Defendant Corizon again moves to dismiss the four causes of action that Plaintiff has brought against it, including three causes of action pursuant to § 1983 for deliberate indifference to both Mayberry and Plaintiff's constitutional rights in not providing adequate medical care, and a wrongful death negligence claim pursuant to California Civil Procedure Code § 377.60.
The court addresses the insufficiency of the § 1983 and § 377.60 claims below. The Court also addresses Corizon's motion to dismiss the request for injunctive relief.
To state a claim under § 1983, plaintiff must allege that: (1) the defendant was acting under color of state law at the time the complained of act was committed; and (2) the defendant's conduct deprived plaintiff of rights, privileges or immunities secured by the Constitution or laws of the United States. Jensen v. City of Oxnard, 145 F.3d 1078, 1082 (9th Cir. 1998).
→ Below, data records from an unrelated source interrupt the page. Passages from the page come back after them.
lemma quot_deriv_smult: "quot_deriv q s (smult c A) = smult c (quot_deriv q s A)"
  by (simp add: quot_deriv_def pderiv_smult algebra_simps smult_diff_right)

lemma higher_quot_deriv_Suc_left:
  "higher_quot_deriv q A s (Suc j) = higher_quot_deriv q (quot_deriv q s A) (Suc s) j"
  by (induction j) auto

lemma quot_deriv_mult_power: "quot_deriv q s (B * q ^ s) = pderiv B * q ^ Suc s"
proof (cases s)
  case 0
  then show ?thesis by (simp add: quot_deriv_def)
next
  case (Suc s')
  have "pderiv (q ^ Suc s') = smult (of_nat (Suc s')) (q ^ s' * pderiv q)"
    by (simp only: pderiv_power_Suc mult_smult_left)
  then show ?thesis
    unfolding quot_deriv_def Suc pderiv_mult
    by (simp add: distrib_right distrib_left mult.commute mult.left_commute)
qed

lemma higher_quot_deriv_mult_power:
  "higher_quot_deriv q (B * q ^ s) s j = (pderiv ^^ j) B * q ^ (s + j)"
  by (induction j) (simp_all add: quot_deriv_mult_power)

lemma higher_pderiv_eq_0:
  fixes p :: "'a::{comm_semiring_1,semiring_no_zero_divisors,semiring_char_0} poly"
  shows "degree p < n \<Longrightarrow> (pderiv ^^ n) p = 0"
proof (cases n)
  case (Suc n')
  assume "degree p < n"
  then have "degree ((pderiv ^^ n') p) = 0"
    using Suc degree_higher_pderiv[of n' p] by simp
  then show ?thesis
    using Suc by (simp add: pderiv_eq_0_iff)
qed simp

lemma higher_quot_deriv_diff_low_degree:
  assumes "degree \<omega> < j"
  shows "higher_quot_deriv q (A - \<omega> * q ^ s) s j = higher_quot_deriv q A s j"
  using assms by (simp add: higher_quot_deriv_diff higher_quot_deriv_mult_power higher_pderiv_eq_0)

lemma power_dvd_pderiv:
  fixes p A :: "'a::idom poly"
  assumes "p ^ k dvd A"
  shows "p ^ (k - 1) dvd pderiv A"
proof -
  obtain B where B: "A = p ^ k * B"
    using assms by blast
  have "pderiv A = p ^ (k - 1) * (smult (of_nat k) (B * pderiv p)) + p ^ k * pderiv B"
    unfolding B pderiv_mult pderiv_power by (simp add: algebra_simps)
  also have "p ^ (k - 1) dvd \<dots>"
    by (intro dvd_add dvd_mult2 le_imp_power_dvd dvd_triv_left) auto
  finally show ?thesis .
qed

lemma power_dvd_higher_quot_deriv:
  assumes "p ^ k dvd A"
  shows "p ^ (k - j) dvd higher_quot_deriv q A s j"
proof (induction j)
  case (Suc j)
  have "p ^ (k - j - 1) dvd p ^ (k - j)"
    by (rule le_imp_power_dvd) simp
  then have "p ^ (k - j - 1) dvd smult (of_nat (s + j)) (higher_quot_deriv q A s j * pderiv q)"
    using Suc.IH by (auto simp: dvd_smult intro: dvd_trans dvd_mult2)
  moreover have "p ^ (k - j - 1) dvd pderiv (higher_quot_deriv q A s j) * q"
    using power_dvd_pderiv[OF Suc.IH] by simp
  ultimately show ?case
    by (simp add: quot_deriv_def)
qed (simp add: assms)

lemma quot_deriv_power: "quot_deriv q l (p ^ l) = smult (of_nat l) (p ^ (l - 1) * quot_deriv q 1 p)"
proof (cases l)
  case (Suc l')
  have "quot_deriv q l (p ^ l) = smult (of_nat (Suc l')) (p ^ l') * pderiv p * q
      - smult (of_nat (Suc l')) (p ^ Suc l' * pderiv q)"
    unfolding quot_deriv_def Suc by (simp only: pderiv_power_Suc)
  then show ?thesis
    unfolding quot_deriv_def Suc
    by (simp add: smult_diff_right right_diff_distrib mult.commute mult.left_commute)
qed (simp add: quot_deriv_def)

section \<open>Degrees at infinity\<close>

lemma degree_pderiv_mult_le: "degree (pderiv A * q) \<le> degree A + degree q - 1"
  for A q :: "'a::{idom,ring_char_0} poly"
proof (cases "degree A = 0")
  case True
  then show ?thesis by (simp add: iffD2[OF pderiv_eq_0_iff])
next
  case False
  then show ?thesis
    using degree_mult_le[of "pderiv A" q] by (simp add: degree_pderiv)
qed

lemma coeff_pderiv_mult_top:
  fixes A q :: "'a::{idom,ring_char_0} poly"
  assumes "degree A + degree q \<ge> 1"
  shows "coeff (pderiv A * q) (degree A + degree q - 1) = of_nat (degree A) * lead_coeff A * lead_coeff q"
proof (cases "degree A = 0")
  case True
  then show ?thesis by (simp add: iffD2[OF pderiv_eq_0_iff])
next
  case False
  then have "degree A + degree q - 1 = degree (pderiv A) + degree q"
    by (simp add: degree_pderiv)
  moreover have "lead_coeff (pderiv A) = of_nat (degree A) * lead_coeff A"
    using False by (simp add: degree_pderiv coeff_pderiv)
  ultimately show ?thesis
    by (simp add: coeff_mult_degree_sum)
qed

lemma degree_quot_deriv_le: "degree (quot_deriv q s A) \<le> degree A + degree q - 1"
  unfolding quot_deriv_def
  using degree_pderiv_mult_le[of A q] degree_pderiv_mult_le[of q A]
  by (intro degree_diff_le) (auto simp: mult.commute add.commute intro: order.trans[OF degree_smult_le])

lemma degree_quot_deriv_less:
  assumes "quot_deriv q s A \<noteq> 0"
  shows "degree (quot_deriv q s A) < degree A + degree q"
proof -
  have "degree A + degree q \<noteq> 0"
  proof
    assume "degree A + degree q = 0"
    then have "pderiv A = 0" "pderiv q = 0"
      by (auto intro: iffD2[OF pderiv_eq_0_iff])
    then show False
      using assms by (simp add: quot_deriv_def)
  qed
  then show ?thesis
    using degree_quot_deriv_le[of q s A] by linarith
qed

text \<open>The top coefficient of (A / q^s)' cancels only when A / q^s has degree 0 at infinity.\<close>
lemma quot_deriv_exact:
  assumes "A \<noteq> 0" "q \<noteq> 0" "degree A \<noteq> s * degree q"
  shows "quot_deriv q s A \<noteq> 0 \<and> degree (quot_deriv q s A) + 1 = degree A + degree q"
proof -
  have ge: "degree A + degree q \<ge> 1"
    using assms(3) by (cases "degree A") auto
  have "coeff (quot_deriv q s A) (degree A + degree q - 1)
      = (of_nat (degree A) - of_nat s * of_nat (degree q)) * lead_coeff A * lead_coeff q"
    using coeff_pderiv_mult_top[OF ge] coeff_pderiv_mult_top[of q A] ge
    by (simp add: quot_deriv_def algebra_simps)
  also have "\<dots> \<noteq> 0"
    using assms by (simp flip: of_nat_mult)
  finally have c: "coeff (quot_deriv q s A) (degree A + degree q - 1) \<noteq> 0" .
  then have "degree A + degree q - 1 \<le> degree (quot_deriv q s A)"
    by (rule le_degree)
  with c degree_quot_deriv_le[of q s A] ge show ?thesis
    by auto
qed

lemma degree_higher_quot_deriv_le:
  assumes "higher_quot_deriv q A s j \<noteq> 0"
  shows "degree (higher_quot_deriv q A s j) + j \<le> degree A + j * degree q"
  using assms
proof (induction j)
  case (Suc j)
  then have "higher_quot_deriv q A s j \<noteq> 0"
    by auto
  then show ?case
    using Suc degree_quot_deriv_less[of q "s + j" "higher_quot_deriv q A s j"] by simp
qed simp

text \<open>The order at infinity of A / q^s, which is s deg q - deg A, increases by exactly one
  under each differentiation at which it is nonzero.\<close>
lemma higher_quot_deriv_exact:
  assumes "A \<noteq> 0" "q \<noteq> 0" "degree A < s * degree q \<or> s * degree q + j \<le> degree A"
  shows "higher_quot_deriv q A s j \<noteq> 0 \<and>
    degree (higher_quot_deriv q A s j) + j = degree A + j * degree q"
  using assms(3)
proof (induction j)
  case (Suc j)
  then have ih: "higher_quot_deriv q A s j \<noteq> 0"
     "degree (higher_quot_deriv q A s j) + j = degree A + j * degree q"
    by auto
  then have "degree (higher_quot_deriv q A s j) \<noteq> (s + j) * degree q"
    using Suc.prems by (auto simp: algebra_simps)
  from quot_deriv_exact[OF ih(1) assms(2) this] ih(2) show ?case
    by simp
qed (simp add: assms(1))
lemma pd_space_time_commute:
  assumes "C2_reg u" "a \<in> {1, 2}"
  shows "pd a (pd 0 u) t x = pd 0 (pd a u) t x"
proof -
  have u: "C1_reg u" and u0: "C1_reg (pd 0 u)" and ua: "C1_reg (pd a u)"
    using assms by (auto simp: C2_reg_def)
  have a3: "a < 3" using assms(2) by auto
  have cont: "isCont (\<lambda>p. pd j g (fst p) (space_coord_upd a x (snd p))) p"
    if "C1_reg g" "j < 3" for g j p
  proof -
    have "continuous_on UNIV (\<lambda>p. pd j g (fst p) (space_coord_upd a x (snd p)))"
      by (intro continuous_on_pd that continuous_intros)
    then show ?thesis by (metis UNIV_I continuous_on_eq_continuous_at open_UNIV)
  qed
  have "pd a (pd 0 u) t (space_coord_upd a x (space_coord a x))
      = pd 0 (pd a u) t (space_coord_upd a x (space_coord a x))"
    by (rule mixed_partials_eq[where H="\<lambda>t y. u t (space_coord_upd a x y)"
          and Hx="\<lambda>t y. pd 0 u t (space_coord_upd a x y)"
          and Hy="\<lambda>t y. pd a u t (space_coord_upd a x y)"
          and Hxy="\<lambda>t y. pd a (pd 0 u) t (space_coord_upd a x y)"
          and Hyx="\<lambda>t y. pd 0 (pd a u) t (space_coord_upd a x y)"])
       (use a3 in \<open>auto intro: pd_time_has_derivative[OF u] pd_time_has_derivative[OF ua]
          pd_space_has_derivative[OF u assms(2)] pd_space_has_derivative[OF u0 assms(2)]
          cont[OF u0] cont[OF ua]\<close>)
  moreover have "space_coord_upd a x (space_coord a x) = x"
    by (simp add: space_coord_upd_def space_coord_def)
  ultimately show ?thesis by simp
qed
Plaintiff alleges that six Corizon Defendants, Garcia, Yang, Kirkorian, Santos, Trow, and Whitecotton, were deliberately indifferent to Mayberry's serious medical and mental health needs. Because both parties' briefs have addressed the viability of the deliberate indifference claims as to the individual Corizon employees, the Court finds it appropriate to address the plausibility of these claims on Corizon's motion to dismiss even though the individual Corizon Defendants have not appeared. (See ECF No. 29 at 6-7; ECF No. 30 at 5-7.)
"The duty to protect detainees from suicide is grounded in the substantive liberty interest to adequate medical care." Atayde v. Napa State Hosp., 255 F.Supp.3d 978, 988 (E.D. Cal. 2017). To state a § 1983 deliberate indifference claim for inadequate medical care, a prisoner plaintiff must allege both a serious medical need and that defendant official acted with a culpable state of mind, i.e. with deliberate indifference. Estelle v. Gamble, 429 U.S. 97, 105-06 (1976) ("In order to state a cognizable claim, a prisoner must allege acts or omissions sufficiently harmful to evidence deliberate indifference to serious medical needs."); Estate of Joshua Claypole v. County of San Mateo, No. 14-CV-02730, 2016 WL 127450, at *5 (N.D. Cal. Jan. 12, 2016) ("To set forth a constitutional claim under the Eighth Amendment — or, here, under the Fourteenth Amendment — a plaintiff must show (1) a serious medical need and (2) that an official's response to the need was deliberately indifferent.").
Gordon, 888 F.3d at 1124-25. "With respect to the third element, the defendant's conduct must be objectively unreasonable, a test that will necessarily `turn[] on the facts and circumstances of each particular case.'" Id. (quoting Castro, 833 at 1071).
The specific allegations in the FAC concerning the actions of the individual Corizon employees is "16 housing transfers" from March to August of 2016. As an initial matter, the Court counts seven specifically alleged housing transfers alleged in the FAC — not 16. (FAC ¶¶ 29-34.)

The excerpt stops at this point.